By: Hikman Sirait, M.Th.

Seorang ayah berkata kepada anaknya, “Anakku, merokok itu merusak kesehatan dan tidak menghargai Tuhan karena orang merokok itu membakar rejeki yang diberikan Tuhan kepada-Nya.” Namun tidak lama berlalu si anak melihat ayahnya merokok di belakang rumah mereka.

Seorang yang mengaku hamba Tuhan berbicara kepada jemaat tentang kedisiplinan dalam ibadah. Namun yang terjadi orang yang mengaku hamba Tuhan tersebut justru seringkali molor bak karet kendor dari waktu yang ditentukan dalam pertemuan-pertemuan yang telah disepakati.

Seorang ibu berkata kepada putrinya, “Putriku, bergosip itu tidak bagus dan mendorong terjadinya dosa.” Namun pada kesempatan tertentu si putri melihat ibunya asyik bergosip dengan ibu-ibu di lingkungan mereka.

Seorang mahasiswa berbicara tentang pentingnya belajar giat. Namun yang terjadi mahasiswa tersebut justru sibuk berchating ria bahkan saat berada di dalam perkuliahan.
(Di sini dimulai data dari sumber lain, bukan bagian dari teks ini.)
text \<open>With \<open>w = z\<^sup>2\<close> the equation reads \<open>z (w - r) = \<sigma> (1 - r w)\<close>, and by the identity above
  \<open>|1 - r w|\<close> exceeds \<open>|w - r|\<close> exactly when \<open>|w| < 1\<close>: neither \<open>|z| < 1\<close> nor \<open>|z| > 1\<close> is possible.\<close>
lemma cubic_root_on_unit_circle:
  fixes z \<sigma> :: complex and r :: real
  assumes r: "0 < r" "r < 1" and \<sigma>: "cmod \<sigma> = 1"
    and root: "z^3 + of_real r * \<sigma> * z\<^sup>2 - of_real r * z - \<sigma> = 0"
  shows "cmod z = 1"
proof -
  define w where "w = z\<^sup>2"
  have "z * (w - of_real r) = \<sigma> * (1 - of_real r * w)"
    using root unfolding w_def by algebra
  then have eq: "cmod z * cmod (w - of_real r) = cmod (1 - of_real r * w)"
    by (metis norm_mult \<sigma> mult_1)
  have "1 - r\<^sup>2 > 0"
    using r by (simp add: power_less_one_iff)
  moreover have "cmod w = (cmod z)\<^sup>2"
    by (simp add: w_def norm_power)
  ultimately have sgn: "sgn ((cmod (1 - of_real r * w))\<^sup>2 - (cmod (w - of_real r))\<^sup>2) = sgn (1 - cmod z)"
    unfolding norm_sq_blaschke_identity
    by (cases "cmod z" "1 :: real" rule: linorder_cases)
      (simp_all add: sgn_mult power_less_one_iff one_less_power abs_square_less_1 abs_square_eq_1)
  show ?thesis
  proof (cases "cmod z" "1 :: real" rule: linorder_cases)
    case less
    then have "(cmod (w - of_real r))\<^sup>2 < (cmod (1 - of_real r * w))\<^sup>2"
      using sgn by (simp add: sgn_1_pos)
    then have "cmod (w - of_real r) < cmod (1 - of_real r * w)"
      by (rule power2_less_imp_less) simp
    moreover have "cmod z * cmod (w - of_real r) \<le> cmod (w - of_real r)"
      using less by (simp add: mult_left_le_one_le)
    ultimately show ?thesis
      using eq by simp
  next
    case equal
    then show ?thesis .
  next
    case greater
    then have "(cmod (1 - of_real r * w))\<^sup>2 < (cmod (w - of_real r))\<^sup>2"
      using sgn by (simp add: sgn_1_neg)
    then have "cmod (1 - of_real r * w) < cmod (w - of_real r)"
      by (rule power2_less_imp_less) simp
    moreover have "cmod (w - of_real r) \<le> cmod z * cmod (w - of_real r)"
      using mult_right_mono[of 1 "cmod z" "cmod (w - of_real r)"] greater by simp
    ultimately show ?thesis
      using eq by simp
  qed
qed

lemma cubic_root_triple_exists:
  fixes \<sigma> c :: complex
  assumes "\<sigma> \<noteq> 0"
  obtains z1 z2 z3 where "z1*z2 + z1*z3 + z2*z3 = c" "z1 + z2 + z3 = c * \<sigma>" "z1*z2*z3 = \<sigma>"
proof -
  obtain z1 where root: "z1^3 - c * \<sigma> * z1\<^sup>2 + c * z1 - \<sigma> = 0"
    using fundamental_theorem_of_algebra_alt[of "[:-\<sigma>, c, - c * \<sigma>, 1:]"]
    by (auto simp: algebra_simps power2_eq_square power3_eq_cube)
  then have "z1 \<noteq> 0"
    using assms by auto
  define B where "B = z1 - c * \<sigma>"
  define s where "s = csqrt (B\<^sup>2 - 4 * (\<sigma> / z1))"
  have sum: "(-B + s)/2 + (-B - s)/2 = -B"
    by (simp add: field_simps)
  have prod: "(-B + s)/2 * ((-B - s)/2) = \<sigma> / z1"
    by (simp add: field_simps power2_eq_square[symmetric] s_def)
  show ?thesis
  proof (rule that[of z1 "(-B + s)/2" "(-B - s)/2"])
    have "z1 * ((-B + s)/2) + z1 * ((-B - s)/2) = - z1 * B"
      using sum by (metis distrib_left mult_minus_left mult_minus_right)
    then have "z1 * ((-B + s)/2) + z1 * ((-B - s)/2) + (-B + s)/2 * ((-B - s)/2) = - z1 * B + \<sigma> / z1"
      unfolding prod by simp
    also have "\<dots> = c"
      using root \<open>z1 \<noteq> 0\<close> unfolding B_def
      by (simp add: field_simps power2_eq_square power3_eq_cube)
    finally show "z1 * ((-B + s)/2) + z1 * ((-B - s)/2) + (-B + s)/2 * ((-B - s)/2) = c" .
    show "z1 + (-B + s)/2 + (-B - s)/2 = c * \<sigma>"
      using sum by (simp add: B_def add.assoc)
    show "z1 * ((-B + s)/2) * ((-B - s)/2) = \<sigma>"
      using prod \<open>z1 \<noteq> 0\<close> by (simp add: mult.assoc)
  qed
qed
lemma nx_take_Suc_le: "nx (take (Suc s) w) \<le> nx (take s w) + 1"
  and nx_take_mono_Suc: "nx (take s w) \<le> nx (take (Suc s) w)"
  by (cases "s < length w"; simp add: take_Suc_conv_app_nth)+

lemma xpos_snoc: "xpos (u @ [c]) = xpos u @ (if c = X then [length u] else [])"
  by (auto simp: xpos_def nth_append intro!: filter_cong)

lemma length_xpos: "length (xpos u) = nx u"
  by (induction u rule: rev_induct) (auto simp: xpos_snoc, simp add: xpos_def)

lemma xpos_less_length: "j \<in> set (xpos u) \<Longrightarrow> j < length u"
  by (simp add: xpos_def)

lemma xpos_nth_less_iff: "i < nx u \<Longrightarrow> xpos u ! i < t \<longleftrightarrow> i < nx (take t u)"
proof (induction u arbitrary: t rule: rev_induct)
  case Nil
  then show ?case by simp
next
  case (snoc c u)
  show ?case
  proof (cases "i < nx u")
    case True
    then have xpos_eq: "xpos (u @ [c]) ! i = xpos u ! i"
      by (simp add: xpos_snoc nth_append length_xpos)
    have "xpos u ! i < length u"
      using True xpos_less_length[of "xpos u ! i" u] by (simp add: length_xpos)
    then show ?thesis
      using snoc.IH[OF True, of t] True xpos_eq by (cases "t \<le> length u") auto
  next
    case False
    then have "c = X" and "i = nx u"
      using snoc.prems by (auto split: if_splits)
    moreover have "nx (take t u) \<le> nx u"
      by (rule nx_take_le)
    ultimately show ?thesis
      by (cases "t \<le> length u") (auto simp: xpos_snoc nth_append length_xpos)
  qed
qed

lemma word_le_iff_prefix_counts:
  "word_le u v \<longleftrightarrow> nx u = nx v \<and> ny u = ny v \<and> (\<forall>t. nx (take t v) \<le> nx (take t u))"
proof (cases "nx u = nx v")
  case counts: True
  have "(\<forall>i<nx u. xpos u ! i \<le> xpos v ! i) \<longleftrightarrow> (\<forall>t. nx (take t v) \<le> nx (take t u))"
  proof safe
    fix t
    assume le: "\<forall>i<nx u. xpos u ! i \<le> xpos v ! i"
    show "nx (take t v) \<le> nx (take t u)"
    proof (rule ccontr)
      assume "\<not> ?thesis"
      moreover have "nx (take t v) \<le> nx u"
        using counts nx_take_le by metis
      ultimately have i: "nx (take t u) < nx u" and "xpos v ! nx (take t u) < t"
        using xpos_nth_less_iff[of "nx (take t u)" v t] counts by auto
      then have "xpos u ! nx (take t u) < t"
        using le by fastforce
      then show False
        using xpos_nth_less_iff[OF i, of t] by blast
    qed
  next
    fix i
    assume prefixes: "\<forall>t. nx (take t v) \<le> nx (take t u)" and i: "i < nx u"
    have "i < nx (take (Suc (xpos v ! i)) v)"
      using xpos_nth_less_iff[of i v "Suc (xpos v ! i)"] i counts by simp
    then have "i < nx (take (Suc (xpos v ! i)) u)"
      using prefixes less_le_trans by blast
    then show "xpos u ! i \<le> xpos v ! i"
      using xpos_nth_less_iff[OF i, of "Suc (xpos v ! i)"] by simp
  qed
  then show ?thesis
    by (simp add: word_le_def counts)
qed (simp add: word_le_def)

lemma word_le_refl: "word_le u u"
  by (simp add: word_le_def)

lemma word_le_length: "word_le u v \<Longrightarrow> length u = length v"
  by (simp add: word_le_def length_eq_nx_add_ny)

lemma word_le_append:
  assumes "word_le u v" and "word_le u' v'"
  shows "word_le (u @ u') (v @ v')"
  using assms word_le_length[OF assms(1)] by (simp add: word_le_iff_prefix_counts add_mono)

lemma int_walk_keeps_sign:
  fixes g :: "nat \<Rightarrow> int"
  assumes step: "\<And>s. \<bar>g (Suc s) - g s\<bar> \<le> 1"
    and nonzero: "\<And>s. 0 < s \<Longrightarrow> s < t \<Longrightarrow> g s \<noteq> 0"
    and "0 \<le> g 1" and "0 < s" and "s \<le> t"
  shows "0 \<le> g s"
  using \<open>0 < s\<close> \<open>s \<le> t\<close>
proof (induction s)
  case (Suc s)
  show ?case
  proof (cases "s = 0")
    case False
    then have "0 \<le> g s" and "g s \<noteq> 0"
      using Suc nonzero by auto
    then show ?thesis
      using step[of s] by linarith
  qed (use \<open>0 \<le> g 1\<close> in simp)
qed simp

lemma prefix_le_up_to_first_balance:
  assumes len: "length w0 = length w1" "t \<le> length w0"
    and balanced: "nx (take t w0) = nx (take t w1)"
    and unbalanced: "\<And>s. 0 < s \<Longrightarrow> s < t \<Longrightarrow> nx (take s w0) \<noteq> nx (take s w1)"
    and first: "nx (take 1 w1) \<le> nx (take 1 w0)"
  shows "word_le (take t w0) (take t w1)"
proof -
  define d where "d s = int (nx (take s w0)) - int (nx (take s w1))" for s
  have "0 \<le> d s" if "0 < s" "s \<le> t" for s
  proof (rule int_walk_keeps_sign[OF _ _ _ that])
    show "\<bar>d (Suc s) - d s\<bar> \<le> 1" for s
      using nx_take_Suc_le[of s w0] nx_take_mono_Suc[of s w0]
        nx_take_Suc_le[of s w1] nx_take_mono_Suc[of s w1]
      unfolding d_def by linarith
  qed (use unbalanced first in \<open>auto simp: d_def\<close>)
  then have "nx (take s (take t w1)) \<le> nx (take s (take t w0))" for s
    using balanced by (cases "s = 0") (auto simp: d_def min_def)
  moreover have "ny (take t w0) = ny (take t w1)"
    using length_eq_nx_add_ny[of "take t w0"] length_eq_nx_add_ny[of "take t w1"] len balanced
    by simp
  ultimately show ?thesis
    using balanced by (simp add: word_le_iff_prefix_counts)
qed

lemma obtain_comparable_prefix:
  assumes "nx w0 = nx w1" "ny w0 = ny w1" "w0 \<noteq> []"
  obtains t where "0 < t" "t \<le> length w0"
    "word_le (take t w0) (take t w1) \<or> word_le (take t w1) (take t w0)"
proof -
  have len: "length w0 = length w1"
    using assms length_eq_nx_add_ny by metis
  have ex: "0 < length w0 \<and> nx (take (length w0) w0) = nx (take (length w0) w1)"
    using assms len by auto
  define t where "t = (LEAST t. 0 < t \<and> nx (take t w0) = nx (take t w1))"
  have t: "0 < t" and balanced: "nx (take t w0) = nx (take t w1)"
    using LeastI[of "\<lambda>t. 0 < t \<and> nx (take t w0) = nx (take t w1)", OF ex] by (simp_all add: t_def)
  have "t \<le> length w0"
    unfolding t_def using ex by (rule Least_le)
  have unbalanced: "nx (take s w0) \<noteq> nx (take s w1)" if "0 < s" "s < t" for s
    using not_less_Least[of s] that unfolding t_def by blast
  have "word_le (take t w0) (take t w1) \<or> word_le (take t w1) (take t w0)"
  proof (cases "nx (take 1 w1) \<le> nx (take 1 w0)")
    case True
    then show ?thesis
      using prefix_le_up_to_first_balance[OF len \<open>t \<le> length w0\<close> balanced unbalanced] by blast
  next
    case False
    have "nx (take s w1) \<noteq> nx (take s w0)" if "0 < s" "s < t" for s
      using unbalanced[OF that] by (rule not_sym)
    with False show ?thesis
      using prefix_le_up_to_first_balance[OF len[symmetric], of t] \<open>t \<le> length w0\<close> len balanced
      by simp
  qed
  with t \<open>t \<le> length w0\<close> that show ?thesis
    by blast
qed

definition alternating_decomposition ::
  "word \<Rightarrow> word \<Rightarrow> nat \<Rightarrow> word list \<Rightarrow> word list \<Rightarrow> bool" where
  "alternating_decomposition w0 w1 k p q \<longleftrightarrow> 1 \<le> k \<and> length p = 2 * k \<and> length q = 2 * k \<and>
     concat p = w0 \<and> concat q = w1 \<and>
     (\<forall>i < 2 * k. (even i \<longrightarrow> word_le (p ! i) (q ! i)) \<and> (odd i \<longrightarrow> word_le (q ! i) (p ! i))) \<and>
     (\<forall>i. 0 < i \<and> i < 2 * k - 1 \<longrightarrow> p ! i \<noteq> [] \<and> q ! i \<noteq> [])"

lemma alternating_decomposition_Nil: "alternating_decomposition [] [] 1 [[], []] [[], []]"
  by (auto simp: alternating_decomposition_def word_le_refl less_2_cases_iff)

lemma alternating_decomposition_ConsE:
  assumes "alternating_decomposition w0 w1 k p q"
  obtains x0 x1 ps y0 y1 qs where "p = x0 # x1 # ps" "q = y0 # y1 # qs"
proof -
  have "2 \<le> length p" "2 \<le> length q"
    using assms by (auto simp: alternating_decomposition_def)
  then show ?thesis
    using that by (cases p; cases q) (auto simp: Suc_le_length_iff)
qed

lemma alternating_decomposition_first_blocks:
  assumes "alternating_decomposition w0 w1 k (x0 # x1 # ps) (y0 # y1 # qs)"
  shows "word_le x0 y0" and "word_le y1 x1"
proof -
  have "\<forall>i < 2 * k. (even i \<longrightarrow> word_le ((x0 # x1 # ps) ! i) ((y0 # y1 # qs) ! i)) \<and>
      (odd i \<longrightarrow> word_le ((y0 # y1 # qs) ! i) ((x0 # x1 # ps) ! i))" and "1 \<le> k"
    using assms by (simp_all add: alternating_decomposition_def)
  then show "word_le x0 y0" and "word_le y1 x1"
    by (force dest: spec[of _ 0] spec[of _ 1])+
qed

lemma alternating_decomposition_list_update:
  assumes dec: "alternating_decomposition w0 w1 k p q" and "j < 2 * k"
    and ordered: "(even j \<longrightarrow> word_le a b) \<and> (odd j \<longrightarrow> word_le b a)"
    and nonempty: "0 < j \<Longrightarrow> j < 2 * k - 1 \<Longrightarrow> a \<noteq> [] \<and> b \<noteq> []"
  shows "alternating_decomposition (concat (p[j := a])) (concat (q[j := b])) k (p[j := a]) (q[j := b])"
  using assms by (auto simp: alternating_decomposition_def nth_list_update)

lemma alternating_decomposition_prepend_le:
  assumes dec: "alternating_decomposition r0 r1 k (x0 # x1 # ps) (y0 # y1 # qs)"
    and "word_le u v"
  shows "alternating_decomposition (u @ r0) (v @ r1) k ((u @ x0) # x1 # ps) ((v @ y0) # y1 # qs)"
proof -
  have "word_le (u @ x0) (v @ y0)"
    using \<open>word_le u v\<close> alternating_decomposition_first_blocks(1)[OF dec] by (rule word_le_append)
  moreover have "0 < 2 * k" and "r0 = concat (x0 # x1 # ps)" and "r1 = concat (y0 # y1 # qs)"
    using dec by (auto simp: alternating_decomposition_def)
  ultimately show ?thesis
    using alternating_decomposition_list_update[OF dec, of 0 "u @ x0" "v @ y0"] by simp
qed

lemma alternating_decomposition_prepend_ge_merge:
  assumes dec: "alternating_decomposition r0 r1 k ([] # x1 # ps) ([] # y1 # qs)"
    and "word_le v u" "u \<noteq> []" "v \<noteq> []"
  shows "alternating_decomposition (u @ r0) (v @ r1) k ([] # (u @ x1) # ps) ([] # (v @ y1) # qs)"
proof -
  have "word_le (v @ y1) (u @ x1)"
    using \<open>word_le v u\<close> alternating_decomposition_first_blocks(2)[OF dec] by (rule word_le_append)
  moreover have "1 < 2 * k" and "r0 = concat ([] # x1 # ps)" and "r1 = concat ([] # y1 # qs)"
    using dec by (auto simp: alternating_decomposition_def)
  ultimately show ?thesis
    using alternating_decomposition_list_update[OF dec, of 1 "u @ x1" "v @ y1"] assms(3,4) by simp
qed

lemma alternating_decomposition_prepend_ge_new:
  assumes dec: "alternating_decomposition r0 r1 k p q"
    and "word_le v u" "u \<noteq> []" "v \<noteq> []" "p ! 0 \<noteq> []" "q ! 0 \<noteq> []"
  shows "alternating_decomposition (u @ r0) (v @ r1) (Suc k) ([] # u # p) ([] # v # q)"
proof -
  let ?p = "[] # u # p" and ?q = "[] # v # q"
  have order: "(even i \<longrightarrow> word_le (?p ! i) (?q ! i)) \<and> (odd i \<longrightarrow> word_le (?q ! i) (?p ! i))"
    if "i < 2 * Suc k" for i
  proof (cases i)
    case (Suc i')
    then show ?thesis
      using that dec \<open>word_le v u\<close> by (cases i') (auto simp: alternating_decomposition_def)
  qed (simp add: word_le_refl)
  have "p ! j \<noteq> [] \<and> q ! j \<noteq> []" if "j < 2 * k - 1" for j
    using dec assms(5,6) that by (cases j) (auto simp: alternating_decomposition_def)
  then have nonempty: "?p ! i \<noteq> [] \<and> ?q ! i \<noteq> []" if "0 < i" "i < 2 * Suc k - 1" for i
    using that assms(3,4) by (cases i; cases "i - 1") auto
  show ?thesis
    using dec order nonempty by (auto simp: alternating_decomposition_def)
qed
Seringkali seseorang berbicara bak malaikat, berbicara layaknya orang kudus, berbicara seperti orang yang sudah ahli. Orang tersebut pintar berbicara. Bibir dan lidahnya manis seperti madu. Akan tetapi realitanya orang tersebut tidak melakukan apa yang dikatakannya.

Integritas itu secara sederhana adalah apa yang dikatakan, maka itu yang dilakukan. Jika seseorang mengatakan kepada orang lain jangan berbohong, maka orang tersebut harus memberi teladan dengan tidak berbohong seumur hidupnya. Jika seseorang mengatakan kepada orang lain agar berkata jujur, maka orang tersebut harus memberi teladan dengan berkata jujur seumur hidupnya.

Secara sederhana, itulah integritas. Bicara A, yang dilakukan harus A, bukan B atau C atau malah Z. Perkataan dan perbuatan harus selaras agar nantinya seseorang tidak ditemukan kecurangan di dalam dirinya dan dinyatakan tidak bersalah pada masa akhir. “Let me be weighed in an even balance, that God may know mine integrity” (KJV; Job 31:6).